All well-designed pizza boxes tackle a problem. In Chicago, deep dish pizza requires a totally different design on account of the pie’s thickness. “It’s like trying to serve a cake out of a cake box,” Wiener says. “It’s impossible.” Instead of using the Walker Lock, the standard box fold that locks the top flap into the third wall, Chicago-style pie boxes are designed so that when you flip the lid open, the walls collapse, making the pizza easier to serve.

Another box, the one from the aforementioned Eataly, combats the heating problem with an aluminum-coated polyester lining, which conducts reflects enough heat to keep your pizza oven hot. This box, has 17 vents that are positioned so that steam will be able to escape even if the boxes are stacked. The aluminum reduces the taste of cardboard, you don’t get the steam build-up and your pizza is hot. “It’s a very effective box,” he says.

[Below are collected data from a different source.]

(* Let $\vec{\alpha}=\langle\alpha_s:s\in[\mathbb{N}]^{<\infty}\rangle$ be a sequence of nonstandard hypernatural numbers. The collection of $\vec{\alpha}$-Ramsey null subsets of $[\mathbb{N}]^\infty$ is a $\sigma$-ideal: it contains $\emptyset$, is closed under subsets, and is closed under countable unions.
   Context: Setting (Alpha-Theory of Benci–Di Nasso): ZFC together with a new symbol $\alpha$ satisfying: ($\alpha$1) every sequence $\varphi=\langle\varphi_i:i\in\mathbb{N}\rangle$ has a unique ideal value $\varphi[\alpha]$; ($\alpha$2) if $\varphi[\alpha]=\psi[\alpha]$ and $f\circ\varphi$, $f\circ\psi$ make sense then $(f\circ\varphi)[\alpha]=(f\circ\psi)[\alpha]$; ($\alpha$3) constant real sequences $r$ have ideal value $r$, and $\langle i\rangle$ has ideal value $\alpha\notin\mathbb{N}$; ($\alpha$4) if $\vartheta_i=\{\varphi_i,\psi_i\}$ then $\vartheta[\alpha]=\{\varphi[\alpha],\psi[\alpha]\}$; ($\alpha$5) the constant sequence $\emptyset$ has ideal value $\emptyset$, and for nonempty $\psi_i$, $\psi[\alpha]=\{\vartheta[\alpha]:\vartheta_i\in\psi_i\ \forall i\}$. ${}^*A$ is the ideal value of the constant sequence $A$; elements of ${}^*\mathbb{N}\setminus\mathbb{N}$ are nonstandard hypernatural numbers. For finite $s$, $s\sqsubseteq X$ means $s=\{j\in X:j\le i\}$ for some $i$. A tree on $\mathbb{N}$ is a nonempty $T\subseteq[\mathbb{N}]^{<\infty}$ closed under $\sqsubseteq$-initial segments; $[T]=\{X\in[\mathbb{N}]^\infty:$ every finite $s\sqsubseteq X$ is in $T\}$; stem $st(T)$ = $\sqsubseteq$-maximal $s\in T$ comparable with all elements of $T$; $T/s=\{t\in T:s\sqsubseteq t\}$. An $\vec{\alpha}$-tree is a tree $T$ with a stem, $T/st(T)\neq\emptyset$, and $s\cup\{\alpha_s\}\in{}^*T$ for all $s\in T/st(T)$. $\mathcal{X}\subseteq[\mathbb{N}]^\infty$ is $\vec{\alpha}$-Ramsey null if for every $\vec{\alpha}$-tree $T$ there is an $\vec{\alpha}$-tree $S\subseteq T$ with $st(S)=st(T)$ and $[S]\cap\mathcal{X}=\emptyset$. *)

theory Defs
  imports Main
begin

text \<open>Ultrapower model of Alpha-Theory: the ideal value map corresponds to a
nonprincipal ultrafilter U on nat (U = {A. alpha in *A}); every hypernatural is
the ideal value of some sequence g :: nat => nat, and transfer statements about
ideal values hold iff they hold for U-almost every index.\<close>

definition ultrafilter_on_nat :: "nat set set \<Rightarrow> bool" where
  "ultrafilter_on_nat U \<longleftrightarrow>
     UNIV \<in> U \<and> {} \<notin> U \<and>
     (\<forall>A B. A \<in> U \<longrightarrow> A \<subseteq> B \<longrightarrow> B \<in> U) \<and>
     (\<forall>A B. A \<in> U \<longrightarrow> B \<in> U \<longrightarrow> A \<inter> B \<in> U) \<and>
     (\<forall>A. A \<in> U \<or> - A \<in> U)"

definition nonprincipal :: "nat set set \<Rightarrow> bool" where
  "nonprincipal U \<longleftrightarrow> (\<forall>A. finite A \<longrightarrow> A \<notin> U)"

text \<open>The hypernatural represented by g is nonstandard iff it differs from every
standard n, i.e. g i \<noteq> n for U-almost all i.\<close>
definition nonstandard_rep :: "nat set set \<Rightarrow> (nat \<Rightarrow> nat) \<Rightarrow> bool" where
  "nonstandard_rep U g \<longleftrightarrow> (\<forall>n. {i. g i \<noteq> n} \<in> U)"

definition init_seg :: "nat set \<Rightarrow> nat set \<Rightarrow> bool" where
  "init_seg s X \<longleftrightarrow> finite s \<and> (\<exists>n. s = {j \<in> X. j < n})"

definition is_tree :: "nat set set \<Rightarrow> bool" where
  "is_tree T \<longleftrightarrow> T \<noteq> {} \<and> (\<forall>t\<in>T. finite t) \<and>
     (\<forall>t\<in>T. \<forall>s. init_seg s t \<longrightarrow> s \<in> T)"

definition branches :: "nat set set \<Rightarrow> nat set set" where
  "branches T = {X. infinite X \<and> (\<forall>s. init_seg s X \<longrightarrow> s \<in> T)}"

definition comparable :: "nat set \<Rightarrow> nat set \<Rightarrow> bool" where
  "comparable s t \<longleftrightarrow> init_seg s t \<or> init_seg t s"

definition is_stem :: "nat set set \<Rightarrow> nat set \<Rightarrow> bool" where
  "is_stem T s \<longleftrightarrow> s \<in> T \<and> (\<forall>t\<in>T. comparable s t) \<and>
     (\<forall>s'\<in>T. (\<forall>t\<in>T. comparable s' t) \<longrightarrow> init_seg s s' \<longrightarrow> s' = s)"

definition stem :: "nat set set \<Rightarrow> nat set" where
  "stem T = (THE s. is_stem T s)"

definition tree_above :: "nat set set \<Rightarrow> nat set \<Rightarrow> nat set set" where
  "tree_above T s = {t \<in> T. init_seg s t}"

text \<open>alpha-tree, where alpha_s is the ideal value of the sequence a s:
  s \<union> {alpha_s} \<in> *T  iff  {i. s \<union> {a s i} \<in> T} \<in> U.\<close>
definition alpha_tree :: "nat set set \<Rightarrow> (nat set \<Rightarrow> nat \<Rightarrow> nat) \<Rightarrow> nat set set \<Rightarrow> bool" where
  "alpha_tree U a T \<longleftrightarrow> is_tree T \<and> (\<exists>s. is_stem T s) \<and>
     tree_above T (stem T) \<noteq> {} \<and>
     (\<forall>s\<in>tree_above T (stem T). {i. insert (a s i) s \<in> T} \<in> U)"

definition alpha_ramsey_null ::
  "nat set set \<Rightarrow> (nat set \<Rightarrow> nat \<Rightarrow> nat) \<Rightarrow> nat set set \<Rightarrow> bool" where
  "alpha_ramsey_null U a \<X> \<longleftrightarrow> (\<forall>X\<in>\<X>. infinite X) \<and>
     (\<forall>T. alpha_tree U a T \<longrightarrow>
        (\<exists>S. alpha_tree U a S \<and> S \<subseteq> T \<and> stem S = stem T \<and>
             branches S \<inter> \<X> = {}))"

end

theory Submission
  imports Defs
begin

text \<open>For countable unions one
fuses: given an \<alpha>-tree T with stem r and null sets X(0), X(1), ..., attach to every
node u above r with |u| = |r| + n an \<alpha>-tree T(u) with stem u, pruned inside the tree
attached to the parent of u so that its branches avoid X(n). The fusion tree consists of
the initial segments of r and the nodes reached from r by one-point extensions that stay
inside the tree attached to the current node. Since every \<alpha>(u) is nonstandard, each
node has U-many such extensions, so the fusion tree is again an \<alpha>-tree with stem r;
each of its branches passes through a node u of level n and from then on stays in T(u),
hence misses X(n).\<close>

lemma init_seg_iff:
  "init_seg s t \<longleftrightarrow> finite s \<and> s \<subseteq> t \<and> (\<forall>x\<in>s. \<forall>y\<in>t. y < x \<longrightarrow> y \<in> s)"
proof
  assume "init_seg s t"
  then show "finite s \<and> s \<subseteq> t \<and> (\<forall>x\<in>s. \<forall>y\<in>t. y < x \<longrightarrow> y \<in> s)"
    unfolding init_seg_def by auto
next
  assume s: "finite s \<and> s \<subseteq> t \<and> (\<forall>x\<in>s. \<forall>y\<in>t. y < x \<longrightarrow> y \<in> s)"
  have "s = {j\<in>t. j < Suc (Max s)}" if "s \<noteq> {}"
  proof
    show "s \<subseteq> {j\<in>t. j < Suc (Max s)}"
      using s by (auto simp: less_Suc_eq_le)
    have "Max s \<in> s"
      using s that by simp
    then show "{j\<in>t. j < Suc (Max s)} \<subseteq> s"
      using s by (auto simp: less_Suc_eq)
  qed
  then show "init_seg s t"
    using s unfolding init_seg_def by (cases "s = {}") auto
qed

lemma init_seg_finite: "init_seg s t \<Longrightarrow> finite s"
  unfolding init_seg_iff by blast

lemma init_seg_subset: "init_seg s t \<Longrightarrow> s \<subseteq> t"
  unfolding init_seg_iff by blast

lemma init_seg_refl: "finite s \<Longrightarrow> init_seg s s"
  unfolding init_seg_iff by blast

lemma init_seg_trans: "init_seg s t \<Longrightarrow> init_seg t u \<Longrightarrow> init_seg s u"
  unfolding init_seg_iff by blast

lemma init_seg_antisym: "init_seg s t \<Longrightarrow> init_seg t s \<Longrightarrow> s = t"
  using init_seg_subset by blast

lemma init_seg_comparable:
  assumes "init_seg s X" and "init_seg t X"
  shows "comparable s t"
proof -
  obtain n m where "s = {j\<in>X. j < n}" "t = {j\<in>X. j < m}" "finite s" "finite t"
    using assms unfolding init_seg_def by blast
  then have "s = {j\<in>t. j < n} \<or> t = {j\<in>s. j < m}"
    by (cases "n \<le> m") auto
  then show ?thesis
    using \<open>finite s\<close> \<open>finite t\<close> unfolding comparable_def init_seg_def by blast
qed

lemma init_seg_insert_iff:
  assumes "finite u" and "\<forall>x\<in>u. x < m"
  shows "init_seg v (insert m u) \<longleftrightarrow> v = insert m u \<or> init_seg v u"
proof
  assume v: "init_seg v (insert m u)"
  show "v = insert m u \<or> init_seg v u"
  proof (cases "m \<in> v")
    case True
    then have "v = insert m u"
      using v assms unfolding init_seg_iff by blast
    then show ?thesis ..
  next
    case False
    then show ?thesis
      using v assms unfolding init_seg_iff by blast
  qed
next
  assume "v = insert m u \<or> init_seg v u"
  then show "init_seg v (insert m u)"
  proof
    assume "init_seg v u"
    then have "v \<subseteq> u"
      by (rule init_seg_subset)
    then show ?thesis
      using \<open>init_seg v u\<close> assms unfolding init_seg_iff by fastforce
  qed (use assms init_seg_refl in simp)
qed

>The Domino's corner-cut design reduces folding time from six seconds to four.

On the other end of the spectrum, a pizza store like Dominos, is less concerned about accessibility as they are about efficiency. The chain has adopted a corner-cut design, which reduces the folding time from six seconds to four, on average and allows the boxes to be stacked more neatly. "They didn't invent that," he clarifies. "They're using someone else's patent."

Wiener himself actually took up a temporary gig there a year ago to learn the trade. “The first thing you’d do every day is fold 300 pizza boxes,” he says. “But it didn’t take long.” You can imagine knocking off a couple seconds per box, multiplied by the thousands of pizza boxes folded everyday, could actually amount to measurable labor and time savings for Dominos in the long run.

So About the World's Best Pizza Box...

India might seem like an unlikely country to lay claim to the world's smartest pizza box, but Wiener insists that it's really not that weird. "It’s the fastest growing pizza market because it's such a huge population," he says. "It’s also a place where there's always been a lot of manufacturing."

Still, as it turns out, the creator of the VENTiT actually has no history with pizza at all. "The guy who invented this box has been in corrugated board for 35 years," says Wiener. "And one day he realized this is the way that he can reduce the steam that is trapped inside.”

Most pizza boxes are made from corrugated cardboard, a material that’s made from three layers of paper liners glued together. In traditional boxes, this material is combined, printed and then run through a die machine that cuts out vents and creates creases that will later be folded into a box. The VENTiT reverses this process, so instead of stamping the cuts after the corrugated cardboard is assembled, the middle and inner liner are cut together before combining it with a precut outer liner.

These misaligned holes give steam an escape route that takes it through the fluted middle layer and and then exit out the top without ever touching the pizza. “In other words, there’s no direct hole,” Wiener explains. “You’re taking the exact same box but reorganizing how it’s put together so it creates better movement for steam.”

Unfortunately, you can only find the VENTiT in India, Dubai, and at Wiener’s apartment in Brooklyn, where he stashes all 650 boxes into three closets. But it’s actually not as bad as it sounds since he makes sure each box is flattened and rigorously organized. “I’m in my apartment right now and don’t see a single box,” he says. “It’s not until you open the closet and look up that you think: “Ok, this guy might have a problem.”